For interactive use, launch the chat interface:
cd dr-tulu/agent
uv run python scripts/launch_chat.py \
    -c workflows/auto_search_sft.yaml \
    --skip-checks \
    --mcp-port 8001
The --skip-checks flag prevents the launcher from trying to start a local vLLM server (since it’s on Vast.ai). The --mcp-port 8001 must match the port used when starting the MCP backend.
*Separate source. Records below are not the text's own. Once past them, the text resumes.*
(* Under Assumption 1 and the FP-UCB algorithm, for every arm $i\in A\setminus C(\theta^o)$ with $i\ne a^*(\theta^o)$, there is a constant $C_i$, depending only on $|A|$ and on the means $(\mu_j(\theta))_{j\in[L],\theta\in\Theta}$ and not on $T$, such that $\mathbb{E}[n_i(T)]\le C_i$ for all $T$.
   Context: Setting: there are $L$ arms $[L]=\{1,\dots,L\}$ and a known finite parameter set $\Theta$. For each $\theta\in\Theta$ and arm $i$, $P_i(\cdot;\theta)$ is a known probability distribution supported on $[0,1]$ with known mean $\mu_i(\theta)$. An unknown true parameter $\theta^o\in\Theta$ governs the rewards: the reward $X_i(\tau)$ from the $\tau$-th pull of arm $i$ is drawn from $P_i(\cdot;\theta^o)$; rewards of a given arm are i.i.d. and independent across arms. At each time $t=1,\dots,T$ the agent picks an arm $a(t)$ based on past observations. Let $a^*(\theta)=\arg\max_{i\in[L]}\mu_i(\theta)$. Assumption 1: for every $\theta\in\Theta$ the maximizer $a^*(\theta)$ is unique. Logarithms are natural. Notation: $n_i(t)=\sum_{\tau=1}^t \mathbb{1}\{a(\tau)=i\}$; $\hat\mu_i(t)=\frac{1}{n_i(t)}\sum_{\tau=1}^{n_i(t)}X_i(\tau)$; $A=\{a^*(\theta):\theta\in\Theta\}$; $B(\theta^o)=\{\theta\in\Theta: a^*(\theta)\ne a^*(\theta^o)\text{ and } \mu_{a^*(\theta^o)}(\theta^o)=\mu_{a^*(\theta^o)}(\theta)\}$; $C(\theta^o)=\{a^*(\theta):\theta\in B(\theta^o)\}$. FP-UCB algorithm: at times $t=1,\dots,|A|$ select each arm of $A$ once. Then set episode counter $k=1$, $t=|A|+1$, and while $t\le T$: let $t_k=t-1$ and compute $A_k=\{a^*(\theta):\theta\in\Theta,\ \forall i\in A,\ |\hat\mu_i(t_k)-\mu_i(\theta)|\le\sqrt{3\log(k)/n_i(t_k)}\}$; if $A_k\ne\varnothing$, select each arm of $A_k$ once ($t\leftarrow t+|A_k|$), otherwise select each arm of $A$ once ($t\leftarrow t+|A|$); then $k\leftarrow k+1$. (Pulls beyond time $T$ are discarded.) *)

theory Defs
  imports "HOL-Probability.Probability"
begin

text \<open>Arms are the naturals 1..L; parameters have an arbitrary type 'p;
  mu j th is the (known) mean of arm j under parameter th.\<close>

definition arms :: "nat \<Rightarrow> nat set" where
  "arms L = {1..L}"

text \<open>The (unique under Assumption 1) best arm under parameter th.\<close>
definition astar :: "nat \<Rightarrow> (nat \<Rightarrow> 'p \<Rightarrow> real) \<Rightarrow> 'p \<Rightarrow> nat" where
  "astar L mu th = (THE a. a \<in> arms L \<and> (\<forall>j\<in>arms L. j \<noteq> a \<longrightarrow> mu j th < mu a th))"

definition Aset :: "nat \<Rightarrow> 'p set \<Rightarrow> (nat \<Rightarrow> 'p \<Rightarrow> real) \<Rightarrow> nat set" where
  "Aset L Th mu = astar L mu ` Th"

definition Bset :: "nat \<Rightarrow> 'p set \<Rightarrow> (nat \<Rightarrow> 'p \<Rightarrow> real) \<Rightarrow> 'p \<Rightarrow> 'p set" where
  "Bset L Th mu tho = {th \<in> Th. astar L mu th \<noteq> astar L mu tho \<and>
        mu (astar L mu tho) tho = mu (astar L mu tho) th}"

definition Cset :: "nat \<Rightarrow> 'p set \<Rightarrow> (nat \<Rightarrow> 'p \<Rightarrow> real) \<Rightarrow> 'p \<Rightarrow> nat set" where
  "Cset L Th mu tho = astar L mu ` Bset L Th mu tho"

text \<open>A reward realisation r j tau is the reward of the tau-th pull (tau >= 1) of arm j.
  A history is the list of arms pulled so far (in order).\<close>

definition npulls :: "nat list \<Rightarrow> nat \<Rightarrow> nat" where
  "npulls h j = count_list h j"

definition muhat :: "(nat \<Rightarrow> nat \<Rightarrow> real) \<Rightarrow> nat list \<Rightarrow> nat \<Rightarrow> real" where
  "muhat r h j = (\<Sum>tau = 1..npulls h j. r j tau) / real (npulls h j)"

definition episode_set :: "nat \<Rightarrow> 'p set \<Rightarrow> (nat \<Rightarrow> 'p \<Rightarrow> real) \<Rightarrow>
    (nat \<Rightarrow> nat \<Rightarrow> real) \<Rightarrow> nat list \<Rightarrow> nat \<Rightarrow> nat set" where
  "episode_set L Th mu r h k =
     {astar L mu th | th. th \<in> Th \<and>
        (\<forall>j\<in>Aset L Th mu. \<bar>muhat r h j - mu j th\<bar> \<le> sqrt (3 * ln (real k) / real (npulls h j)))}"

primrec fp_hist :: "nat \<Rightarrow> 'p set \<Rightarrow> (nat \<Rightarrow> 'p \<Rightarrow> real) \<Rightarrow>
    (nat \<Rightarrow> nat \<Rightarrow> real) \<Rightarrow> nat \<Rightarrow> nat list" where
  "fp_hist L Th mu r 0 = sorted_list_of_set (Aset L Th mu)"
| "fp_hist L Th mu r (Suc k) =
     (let h = fp_hist L Th mu r k; S = episode_set L Th mu r h (Suc k)
      in h @ sorted_list_of_set (if S = {} then Aset L Th mu else S))"

text \<open>n_j(T): number of pulls of arm j among the first T pulls (pulls beyond T discarded).
  Every round has at least one pull, so fp_hist ... T has length > T.\<close>
definition fp_count :: "nat \<Rightarrow> 'p set \<Rightarrow> (nat \<Rightarrow> 'p \<Rightarrow> real) \<Rightarrow>
    (nat \<Rightarrow> nat \<Rightarrow> real) \<Rightarrow> nat \<Rightarrow> nat \<Rightarrow> nat" where
  "fp_count L Th mu r T j = count_list (take T (fp_hist L Th mu r T)) j"

end

theory Submission
  imports Defs "HOL-Real_Asymp.Real_Asymp"
begin

text \<open>Call episode k good if every arm of A, at every sample size n \<le> k, has its empirical mean
  within sqrt (3 ln k / n) of its true mean; by Hoeffding's inequality and a union bound an
  episode is bad with probability at most 2 |A| / k^5. If all episodes between k/2 and k are
  good, the true parameter is consistent with the data in each of them, so the best arm a* is
  pulled at least k/2 times before episode k. Any parameter th with a*(th) = i that is still
  consistent in episode k then satisfies |mu_a*(th) - mu_a*(tho)| \<le> 2 sqrt (6 ln k / k). Since
  i is not in C(tho), this gap is bounded below by some D > 0, so i can be pulled in a late
  episode k only if one of the episodes k/2..k is bad. The expected number of such pulls is
  bounded by a convergent series, uniformly in T.\<close>

lemma count_list_distinct: "distinct xs \<Longrightarrow> count_list xs x = (if x \<in> set xs then 1 else 0)"
  by (induction xs) auto

lemma count_list_take_le: "count_list (take n xs) x \<le> count_list xs x"
proof -
  have "count_list xs x = count_list (take n xs) x + count_list (drop n xs) x"
    by (metis append_take_drop_id count_list_append)
  then show ?thesis by simp
qed

lemma astar_eqI:
  assumes "a \<in> arms L" "\<forall>j\<in>arms L. j \<noteq> a \<longrightarrow> mu j th < mu a th"
  shows "astar L mu th = a"
  unfolding astar_def
proof (rule the_equality)
  fix b assume "b \<in> arms L \<and> (\<forall>j\<in>arms L. j \<noteq> b \<longrightarrow> mu j th < mu b th)"
  then show "b = a" using assms by force
qed (use assms in blast)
Type your questions and the agent will search the web, read pages, and synthesize an answer with citations.

Batch Evaluation

Run DR-Tulu against built-in evaluation datasets:
cd dr-tulu/agent
uv run python workflows/auto_search_sft.py generate-dataset simpleqa \
    --num-examples 2 \
    --config workflows/auto_search_sft.yaml \
    --output results.jsonl
Available datasets: simpleqa, healthbench, deep_research_bench, research_qa, genetic_diseases, 2wiki, webwalker Example output (results.jsonl):
{
  "problem": "Who received the IEEE Frank Rosenblatt Award in 2010?",
  "final_response": "Michio Sugeno"
}

Python API

Call DR-Tulu directly from your code:
import asyncio
import sys
sys.path.insert(0, "dr-tulu/agent")

from workflows.auto_search_sft import AutoReasonSearchWorkflow

async def research(question: str) -> dict:
    workflow = AutoReasonSearchWorkflow(
        configuration="dr-tulu/agent/workflows/auto_search_sft.yaml"
    )
    result = await workflow(
        problem=question,
        dataset_name="simpleqa",
        verbose=False,
    )
    ft = result.get("full_traces")
    return {
        "answer": result["final_response"],
        "tool_calls": result.get("total_tool_calls"),
        "tokens": getattr(ft, "total_tokens", 0) if ft else 0,
    }

result = asyncio.run(research("Who invented the transistor?"))
print("Answer:", result["answer"])
print("Tool calls:", result["tool_calls"])
print("Tokens:", result["tokens"])
Output:
Answer: John Bardeen, Walter H. Brattain, and William B. Shockley

Tool calls: 4
Tokens: 6241

Additional Resources

Cleanup

When you’re done, destroy the Vast.ai instance:
vastai destroy instance <INSTANCE_ID>

Conclusion

DR-Tulu represents a shift in how research agents are built. By training the model alongside its MCP tools rather than bolting them on afterward, AI2 created an 8B model with strong research capabilities. The split architecture—vLLM on Vast.ai for inference, MCP locally for tool execution—gives you the GPU power needed for the model while keeping API keys and tool orchestration on your own machine. This guide provides a working proof-of-concept ready for integration into your agentic workflow applications.